Saved data entries
▼

lemma rook_triangle_self_dominating:
  assumes "rook_adj x y" "rook_adj y z" "rook_adj x z" "v \<in> {x, y, z}"
  shows "\<exists>u\<in>{x, y, z}. \<exists>w\<in>{x, y, z}. u \<noteq> w \<and> rook_adj v u \<and> rook_adj v w"
  using assms rook_adj_sym[of x y] rook_adj_sym[of y z] rook_adj_sym[of x z]
  by (auto simp: rook_adj_irrefl)

definition block :: "nat \<Rightarrow> nat \<Rightarrow> (nat \<times> nat) set" where
  "block a b = {(a, b), (a + 1, b), (a + 2, b), (a + 3, b + 1), (a + 3, b + 2), (a + 3, b + 3)}"

lemma block_self_dominating:
  assumes "v \<in> block a b"
  shows "\<exists>u\<in>block a b. \<exists>w\<in>block a b. u \<noteq> w \<and> rook_adj v u \<and> rook_adj v w"
proof -
  let ?T\<^sub>1 = "{(a, b), (a + 1, b), (a + 2, b)}"
    and ?T\<^sub>2 = "{(a + 3, b + 1), (a + 3, b + 2), (a + 3, b + 3)}"
  have "v \<in> ?T\<^sub>1 \<or> v \<in> ?T\<^sub>2" and "?T\<^sub>1 \<subseteq> block a b" and "?T\<^sub>2 \<subseteq> block a b"
    using assms unfolding block_def by auto
  moreover have "\<exists>u\<in>?T\<^sub>1. \<exists>w\<in>?T\<^sub>1. u \<noteq> w \<and> rook_adj v u \<and> rook_adj v w" if "v \<in> ?T\<^sub>1"
    using that by (intro rook_triangle_self_dominating) (auto simp: rook_adj_iff)
  moreover have "\<exists>u\<in>?T\<^sub>2. \<exists>w\<in>?T\<^sub>2. u \<noteq> w \<and> rook_adj v u \<and> rook_adj v w" if "v \<in> ?T\<^sub>2"
    using that by (intro rook_triangle_self_dominating) (auto simp: rook_adj_iff)
  ultimately show ?thesis
    by (meson subsetD)
qed

lemma dom_pattern_extend:
  assumes "dom_pattern a b S"
  shows "dom_pattern (a + 4) (b + 4) (S \<union> block a b)"
    and "card (S \<union> block a b) = card S + 6"
proof -
  have sub: "S \<subseteq> {0..<a} \<times> {0..<b}"
    using assms unfolding dom_pattern_def by blast
  then have "finite S" "S \<inter> block a b = {}"
    using finite_subset by (auto simp: block_def)
  then show "card (S \<union> block a b) = card S + 6"
    by (simp add: card_Un_disjoint block_def)
  have rows: "\<exists>j. (i, j) \<in> S \<union> block a b" if i: "i < a + 4" for i
  proof -
    consider "i < a" | "i = a" | "i = a + 1" | "i = a + 2" | "i = a + 3"
      using i by linarith
    then show ?thesis
      using assms unfolding dom_pattern_def block_def by cases auto
  qed
  have cols: "\<exists>i. (i, j) \<in> S \<union> block a b" if j: "j < b + 4" for j
  proof -
    consider "j < b" | "j = b" | "j = b + 1" | "j = b + 2" | "j = b + 3"
      using j by linarith
    then show ?thesis
      using assms unfolding dom_pattern_def block_def by cases auto
  qed
  have nbrs: "\<exists>u\<in>S \<union> block a b. \<exists>w\<in>S \<union> block a b. u \<noteq> w \<and> rook_adj v u \<and> rook_adj v w"
    if "v \<in> S \<union> block a b" for v
    using that assms block_self_dominating[of v a b] unfolding dom_pattern_def by blast
  have "S \<union> block a b \<subseteq> {0..<a + 4} \<times> {0..<b + 4}"
    using sub by (auto simp: block_def)
  with rows cols nbrs show "dom_pattern (a + 4) (b + 4) (S \<union> block a b)"
    unfolding dom_pattern_def by blast
qed

definition gamma_formula :: "nat \<Rightarrow> nat" where
  "gamma_formula n = (if even n then (3 * n + 4) div 2
     else if n mod 4 = 1 then (3 * n + 3) div 2 else (3 * n + 5) div 2)"

lemma gamma_formula_add_4: "gamma_formula (n + 4) = gamma_formula n + 6"
  unfolding gamma_formula_def by (auto simp: mod_add_self2)

lemma dom_pattern_base_cases:
  "\<exists>S. dom_pattern 4 6 S \<and> card S = 8"
  "\<exists>S. dom_pattern 5 7 S \<and> card S = 9"
  "\<exists>S. dom_pattern 6 8 S \<and> card S = 11"
  "\<exists>S. dom_pattern 7 9 S \<and> card S = 13"
proof -
  show "\<exists>S. dom_pattern 4 6 S \<and> card S = 8"
    by (intro exI[of _ "{(0,0), (1,0), (2,0), (2,1), (2,2), (3,3), (3,4), (3,5)}"] conjI)
      (auto simp: dom_pattern_def rook_adj_iff less_Suc_eq numeral_eq_Suc)
  show "\<exists>S. dom_pattern 5 7 S \<and> card S = 9"
    by (intro exI[of _ "{(0,0), (1,0), (2,0), (3,1), (3,2), (3,3), (4,4), (4,5), (4,6)}"] conjI)
      (auto simp: dom_pattern_def rook_adj_iff less_Suc_eq numeral_eq_Suc)
  show "\<exists>S. dom_pattern 6 8 S \<and> card S = 11"
    by (intro exI[of _ "{(0,0), (1,0), (2,0), (3,0), (4,1), (4,2), (4,3), (5,4), (5,5), (5,6),
        (5,7)}"] conjI)
      (auto simp: dom_pattern_def rook_adj_iff less_Suc_eq numeral_eq_Suc)
  show "\<exists>S. dom_pattern 7 9 S \<and> card S = 13"
    by (intro exI[of _ "{(0,0), (1,0), (2,1), (3,1), (4,0), (4,2), (4,3), (5,1), (5,4), (5,5),
        (6,6), (6,7), (6,8)}"] conjI)
      (auto simp: dom_pattern_def rook_adj_iff less_Suc_eq numeral_eq_Suc)
qed

lemma dom_pattern_exists:
  "4 \<le> n \<Longrightarrow> \<exists>S. dom_pattern n (n + 2) S \<and> card S = gamma_formula n"
proof (induction n rule: less_induct)
  case (less n)
  show ?case
  proof (cases "n \<le> 7")
    case True
    then consider "n = 4" | "n = 5" | "n = 6" | "n = 7"
      using less.prems by linarith
    then show ?thesis
      by cases (use dom_pattern_base_cases in \<open>simp_all add: gamma_formula_def\<close>)
  next
    case False
    define m where "m = n - 4"
    then have n: "n = m + 4" and "4 \<le> m"
      using False by auto
    then obtain S where "dom_pattern m (m + 2) S" "card S = gamma_formula m"
      using less.IH[of m] n by auto
    then show ?thesis
      using dom_pattern_extend[of m "m + 2" S] unfolding n gamma_formula_add_4
      by (intro exI[of _ "S \<union> block m (m + 2)"]) (simp add: add.commute add.left_commute)
  qed
qed

lemma card_eq_sum_card_fibres:
  "finite S \<Longrightarrow> finite T \<Longrightarrow> g ` S \<subseteq> T \<Longrightarrow> card S = (\<Sum>t\<in>T. card {x\<in>S. g x = t})"
  using sum.group[of S T g "\<lambda>_. 1 :: nat"] by simp

lemma sum_inverse_card_fibres:
  assumes "finite S"
  shows "(\<Sum>u\<in>S. 1 / real (card {x\<in>S. g x = g u})) = real (card (g ` S))"
proof -
  have "(\<Sum>u\<in>S. 1 / real (card {x\<in>S. g x = g u}))
      = (\<Sum>t\<in>g ` S. \<Sum>u\<in>{x\<in>S. g x = t}. 1 / real (card {x\<in>S. g x = g u}))"
    by (rule sum.group[OF assms finite_imageI[OF assms] subset_refl, symmetric])
  also have "\<dots> = (\<Sum>t\<in>g ` S. \<Sum>u\<in>{x\<in>S. g x = t}. 1 / real (card {x\<in>S. g x = t}))"
    by (intro sum.cong refl) auto
  also have "\<dots> = (\<Sum>t\<in>g ` S. 1)"
  proof (rule sum.cong)
    fix t assume "t \<in> g ` S"
    then have "{x\<in>S. g x = t} \<noteq> {}"
      by blast
    with assms show "(\<Sum>u\<in>{x\<in>S. g x = t}. 1 / real (card {x\<in>S. g x = t})) = 1"
      by simp
  qed simp
  finally show ?thesis
    by simp
qed

lemma inverse_add_le_four_thirds:
  fixes r c :: nat
  assumes "1 \<le> r" "1 \<le> c" "4 \<le> r + c"
  shows "1 / real r + 1 / real c \<le> 4 / 3"
    and "1 / real r + 1 / real c = 4 / 3 \<Longrightarrow> (r = 1 \<and> c = 3) \<or> (r = 3 \<and> c = 1)"
proof -
  have bound: "1 / real k \<le> 1 / m" if "m \<le> real k" "0 < m" for k and m :: real
    using that by (intro frac_le) auto
  consider "r = 1" "c = 3" | "r = 3" "c = 1" | "r = 1" "4 \<le> c" | "r = 2" "2 \<le> c"
    | "3 \<le> r" "2 \<le> c" | "4 \<le> r" "1 \<le> c"
    using assms by linarith
  then have "1 / real r + 1 / real c < 4 / 3 \<or> (r = 1 \<and> c = 3) \<or> (r = 3 \<and> c = 1)"
  proof cases
    case 3
    then have "1 / real r = 1" "1 / real c \<le> 1 / 4"
      by (auto intro!: bound)
    then show ?thesis by linarith
  next
    case 4
    then have "1 / real r = 1 / 2" "1 / real c \<le> 1 / 2"
      by (auto intro!: bound)
    then show ?thesis by linarith
  next
    case 5
    then have "1 / real r \<le> 1 / 3" "1 / real c \<le> 1 / 2"
      by (auto intro!: bound)
    then show ?thesis by linarith
  next
    case 6
    then have "1 / real r \<le> 1 / 4" "1 / real c \<le> 1"
      by (auto intro!: bound)
    then show ?thesis by linarith
  qed simp_all
  then show "1 / real r + 1 / real c \<le> 4 / 3"
    and "1 / real r + 1 / real c = 4 / 3 \<Longrightarrow> (r = 1 \<and> c = 3) \<or> (r = 3 \<and> c = 1)"
    by auto
qed

lemma total_2_dominating_empty_row:
  assumes dom: "total_k_dominating (grid a b) rook_adj 2 S"
    and "i < a" and empty: "\<forall>j. (i, j) \<notin> S"
  shows "2 * b \<le> card S"
proof -
  have fin: "finite S" and sub: "S \<subseteq> {0..<a} \<times> {0..<b}"
    using dom total_2_dominating_grid_finite unfolding total_k_dominating_def grid_eq by blast+
  have "2 \<le> card {x\<in>S. snd x = j}" if "j < b" for j
  proof -
    have "2 \<le> card {u\<in>S. rook_adj (i, j) u}"
      using dom \<open>i < a\<close> that unfolding total_k_dominating_def grid_eq by auto
    moreover have "{u\<in>S. fst u = i \<and> u \<noteq> (i, j)} = {}" "{u\<in>S. snd u = j \<and> u \<noteq> (i, j)} = {x\<in>S. snd x = j}"
      using empty by force+
    ultimately show ?thesis
      using rook_degree[OF fin, of "(i, j)"] by simp
  qed
  then have "(\<Sum>j\<in>{0..<b}. 2) \<le> (\<Sum>j\<in>{0..<b}. card {x\<in>S. snd x = j})"
    by (intro sum_mono) simp
  also have "\<dots> = card S"
    using sub by (intro card_eq_sum_card_fibres[symmetric] fin) auto
  finally show ?thesis
    by simp
qed

lemma total_2_dominating_empty_column:
  assumes dom: "total_k_dominating (grid a b) rook_adj 2 S"
    and "j < b" and empty: "\<forall>i. (i, j) \<notin> S"
  shows "2 * a \<le> card S"
proof -
  have fin: "finite S" and sub: "S \<subseteq> {0..<a} \<times> {0..<b}"
    using dom total_2_dominating_grid_finite unfolding total_k_dominating_def grid_eq by blast+
  have "2 \<le> card {x\<in>S. fst x = i}" if "i < a" for i
  proof -
    have "2 \<le> card {u\<in>S. rook_adj (i, j) u}"
      using dom \<open>j < b\<close> that unfolding total_k_dominating_def grid_eq by auto
    moreover have "{u\<in>S. snd u = j \<and> u \<noteq> (i, j)} = {}" "{u\<in>S. fst u = i \<and> u \<noteq> (i, j)} = {x\<in>S. fst x = i}"
      using empty by force+
    ultimately show ?thesis
      using rook_degree[OF fin, of "(i, j)"] by simp
  qed
  then have "(\<Sum>i\<in>{0..<a}. 2) \<le> (\<Sum>i\<in>{0..<a}. card {x\<in>S. fst x = i})"
    by (intro sum_mono) simp
  also have "\<dots> = card S"
    using sub by (intro card_eq_sum_card_fibres[symmetric] fin) auto
  finally show ?thesis
    by simp
qed

lemma total_2_dominating_line_counts:
  assumes dom: "total_k_dominating (grid a b) rook_adj 2 S" and "u \<in> S"
  shows "4 \<le> card {x\<in>S. fst x = fst u} + card {x\<in>S. snd x = snd u}"
proof -
  have fin: "finite S"
    using dom by (rule total_2_dominating_grid_finite)
  have "u \<in> grid a b"
    using dom \<open>u \<in> S\<close> unfolding total_k_dominating_def by blast
  then have "2 \<le> card {x\<in>S. rook_adj u x}"
    using dom unfolding total_k_dominating_def by blast
  moreover have "{x\<in>S. fst x = fst u \<and> x \<noteq> u} = {x\<in>S. fst x = fst u} - {u}"
    "{x\<in>S. snd x = snd u \<and> x \<noteq> u} = {x\<in>S. snd x = snd u} - {u}"
    by auto
  moreover have "card {u} \<le> card {x\<in>S. fst x = fst u}" "card {u} \<le> card {x\<in>S. snd x = snd u}"
    using fin \<open>u \<in> S\<close> by (intro card_mono; auto)+
  ultimately show ?thesis
    using rook_degree[OF fin, of u] fin \<open>u \<in> S\<close> by simp
qed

▲

#### Task instructions
Please go through the data and copy each line containing the word "open".

#### Written reply
      by cases (use dom_pattern_base_cases in \<open>simp_all add: gamma_formula_def\<close>)
      using dom \<open>i < a\<close> that unfolding total_k_dominating_def grid_eq by auto
      using dom \<open>j < b\<close> that unfolding total_k_dominating_def grid_eq by auto
    using dom \<open>u \<in> S\<close> unfolding total_k_dominating_def by blast
    using fin \<open>u \<in> S\<close> by (intro card_mono; auto)+
    using rook_degree[OF fin, of u] fin \<open>u \<in> S\<close> by simp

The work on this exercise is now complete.